Among the entries below, how many lines hold "True"? Reply with the number only.

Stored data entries
Segment Open

lemma lim_compatible_reps:
  assumes x: "x \<in> carrier (tL n)"
  obtains r where "\<And>u. r u \<in> dsum (tT n)" "\<And>u. x u = Filt (k - int u) n #>\<^bsub>tS n\<^esub> r u"
    and "\<And>u i. i < n - k + int u \<Longrightarrow> r (Suc u) i = r u i"
proof
  have xu: "x u \<in> carrier (tQ u n)" for u using x by (simp add: L_eq_kernel kernel_def qsys_eq_Q)
  have xk: "one_minus_nu (qsys R X Y k) (qsys_nu R X Y k) n x = \<one>\<^bsub>tF n\<^esub>"
    using x by (simp add: L_eq_kernel kernel_def)
  define r where "r u = (SOME y. y \<in> x u)" for u
  have r: "r u \<in> dsum (tT n) \<and> x u = Filt (k - int u) n #>\<^bsub>tS n\<^esub> r u" for u
  proof -
    obtain a where a: "a \<in> dsum (tT n)" "x u = Filt (k - int u) n #>\<^bsub>tS n\<^esub> a"
      using xu[of u] by (auto simp: carrier_FactGroup)
    have "a \<in> x u" using a group.rcos_self[OF group_S _ subgroup_Filt] by simp
    then have ru: "r u \<in> x u" unfolding r_def by (rule someI[of "\<lambda>y. y \<in> x u"])
    then have rf: "r u \<in> dsum (tT n)"
      using a subgroup.elemrcos_carrier[OF subgroup_Filt group_S] by simp
    have "Filt (k - int u) n #>\<^bsub>tS n\<^esub> a = Filt (k - int u) n #>\<^bsub>tS n\<^esub> r u"
      using group.repr_independence[OF group_S _ _ subgroup_Filt] ru a by simp
    then show ?thesis using rf a by simp
  qed
  then show "r u \<in> dsum (tT n)" "x u = Filt (k - int u) n #>\<^bsub>tS n\<^esub> r u" for u
    by simp_all
  fix u i assume i: "i < n - k + int u"
  interpret Q: group "tQ u n" by (rule group_Q)
  have nuc: "qsys_nu R X Y k u n (x (Suc u)) \<in> carrier (tQ u n)"
    using hom_in_carrier[OF qsys_nu_hom xu] .
  have "x u \<otimes>\<^bsub>tQ u n\<^esub> inv\<^bsub>tQ u n\<^esub> qsys_nu R X Y k u n (x (Suc u)) = \<one>\<^bsub>tQ u n\<^esub>"
    using fun_cong[OF xk, of u] by (simp add: one_minus_nu_def qsys_eq_Q)
  then have "x u = qsys_nu R X Y k u n (x (Suc u))"
    using Q.inv_solve_right'[OF Q.one_closed xu[of u] nuc] Q.l_one[OF nuc] by simp
  also have "\<dots> = Filt (k - int u) n #>\<^bsub>tS n\<^esub> r (Suc u)"
    using r[of "Suc u"] qsys_nu_rcos[of "r (Suc u)" n u] by simp
  finally show "r (Suc u) i = r u i"
    using r[of u] Filt_rcos_eq_iff[OF conjunct1[OF r[of u]] conjunct1[OF r[of "Suc u"]]] i by auto
qed

lemma lim_map_surj:
  assumes x: "x \<in> carrier (tL n)"
  shows "x \<in> lim_map n ` carrier (tP n)"
proof -
  obtain r where r: "\<And>u. r u \<in> dsum (tT n)" "\<And>u. x u = Filt (k - int u) n #>\<^bsub>tS n\<^esub> r u"
    and step: "\<And>u i. i < n - k + int u \<Longrightarrow> r (Suc u) i = r u i"
    using lim_compatible_reps[OF x] by blast
  have agree: "r (u + d) i = r u i" if "i < n - k + int u" for u d i
    by (induction d) (use step that in auto)
  \<comment> \<open>the \<open>i\<close>-th component is read off from the first stage at which it is visible\<close>
  define f where "f i = r (nat (i - (n - k)) + 1) i" for i
  have fc: "f \<in> carrier (tP n)" using r by (simp add: f_def dsum_carrier)
  have "lim_map n f u = x u" for u
  proof -
    have "cut u n f i = r u i" if i: "k - int u < n - i" for i
    proof (cases "i < n - k")
      case True
      then show ?thesis using i P_low_vanish[OF fc True] T_trivial[of n i] dsum_carrier[OF r(1), of u i]
        by (simp add: cut_def)
    next
      case False
      define w where "w = nat (i - (n - k)) + 1"
      have "w \<le> u" and wi: "i < n - k + int w" using i False by (simp_all add: w_def)
      then have "r u i = r w i" using agree[OF wi, of "u - w"] by simp
      then show ?thesis using i by (simp add: cut_def f_def w_def)
    qed
    then have "Filt (k - int u) n #>\<^bsub>tS n\<^esub> cut u n f = Filt (k - int u) n #>\<^bsub>tS n\<^esub> r u"
      using Filt_rcos_eq_iff[OF cut_dsum[OF fc] r(1)] by simp
    then show ?thesis using r(2)[of u] by (simp add: lim_map_def)
  qed
  then show ?thesis using fc by blast
qed

lemma lim_map_iso: "lim_map n \<in> iso (tP n) (tL n)"
proof -
  interpret group_hom "tP n" "tL n" "lim_map n"
    using group_P group_L lim_map_hom by (simp add: group_hom_def group_hom_axioms_def)
  show ?thesis
    unfolding iso_iff using lim_map_kernel lim_map_surj by blast
qed

lemma lim_map_chain:
  assumes f: "f \<in> carrier (tP n)"
  shows "lim_map (n - 1) (tD n f) = sys_prod_diff (qsys_diff R X dX Y dY k) n (lim_map n f)"
proof (rule ext)
  fix u
  have Df: "tD n f \<in> carrier (tP (n - 1))" using hom_in_carrier[OF D_hom_P f] .
  have a: "cut u n f \<in> carrier (tS n)" using cut_dsum[OF f] by simp
  have "sys_prod_diff (qsys_diff R X dX Y dY k) n (lim_map n f) u
      = Filt (k - int u) (n - 1) #>\<^bsub>tS (n - 1)\<^esub> tD n (SOME x. x \<in> Filt (k - int u) n #>\<^bsub>tS n\<^esub> cut u n f)"
    by (simp add: sys_prod_diff_def qsys_diff_def quot_diff_def lim_map_def tsum_eq_S tsub_eq_Filt)
  also have "\<dots> = Filt (k - int u) (n - 1) #>\<^bsub>tS (n - 1)\<^esub> tD n (cut u n f)"
    by (rule FactGroup_induced_rcos[OF normal_Filt normal_Filt D_hom_S D_Filt a])
  also have "\<dots> = Filt (k - int u) (n - 1) #>\<^bsub>tS (n - 1)\<^esub> cut u (n - 1) (tD n f)"
  proof -
    have "\<forall>i. k - int u < n - 1 - i \<longrightarrow> tD n (cut u n f) i = cut u (n - 1) (tD n f) i"
      by (auto simp: cut_def intro!: tdiff_cong)
    then show ?thesis
      using Filt_rcos_eq_iff[OF hom_in_carrier[OF D_hom_S a, simplified] cut_dsum[OF Df]] by simp
  qed
  finally show "lim_map (n - 1) (tD n f) u = sys_prod_diff (qsys_diff R X dX Y dY k) n (lim_map n f) u"
    by (simp add: lim_map_def)
qed

theorem tprod_iso_lim: "cx_iso (tprod R X Y) (tdiff R X dX Y dY)
           (lim_grp (qsys R X Y k) (qsys_nu R X Y k))
           (sys_prod_diff (qsys_diff R X dX Y dY k))"
  unfolding cx_iso_def
  by (rule exI[of _ lim_map]) (use lim_map_iso lim_map_chain in \<open>simp add: tprod_eq_P\<close>)

end

section \<open>The stable tensor product as a derived limit\<close>

declare of_nat_Suc [simp del]

context tensor_bdd_above begin

abbreviation "tTu u n \<equiv> tcomp R X (trunc Y (k - int u)) n"

abbreviation "tW u n \<equiv> (dprod (tTu u n))\<lparr>carrier := dsum (tTu u n)\<rparr>"

abbreviation "tSP n \<equiv> dprod (\<lambda>u. tW u n)"

abbreviation "tnu u n \<equiv> tincl R X (trunc Y (k - int u)) n"

abbreviation "tE n \<equiv> tincl R X (trunc Y k) n"

abbreviation "tDu u n \<equiv> tdiff R X dX (trunc Y (k - int u)) dY n"

lemma tensor_complexes_trunc_Y: "tensor_complexes R X dX (trunc Y m) dY" by (rule tensor_complexes_trunc[OF cx])

lemma tsys_eq_W: "tsys R X Y k u n = tW u n" by (simp add: tsys_def tsum_eq_dsum)

lemma tsys_nu_eq_incl: "tsys_nu R X Y k u n = tnu u n" by (simp add: tsys_nu_def)

lemma tsys_diff_eq_tdiff: "tsys_diff R X dX Y dY k u n = tDu u n" by (simp add: tsys_diff_def)

lemma sys_prod_tsys_eq: "sys_prod (tsys R X Y k) n = tSP n" by (simp add: sys_prod_eq_dprod tsys_eq_W)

Segment Closed

- _ANSWER TO THIS TASK_
2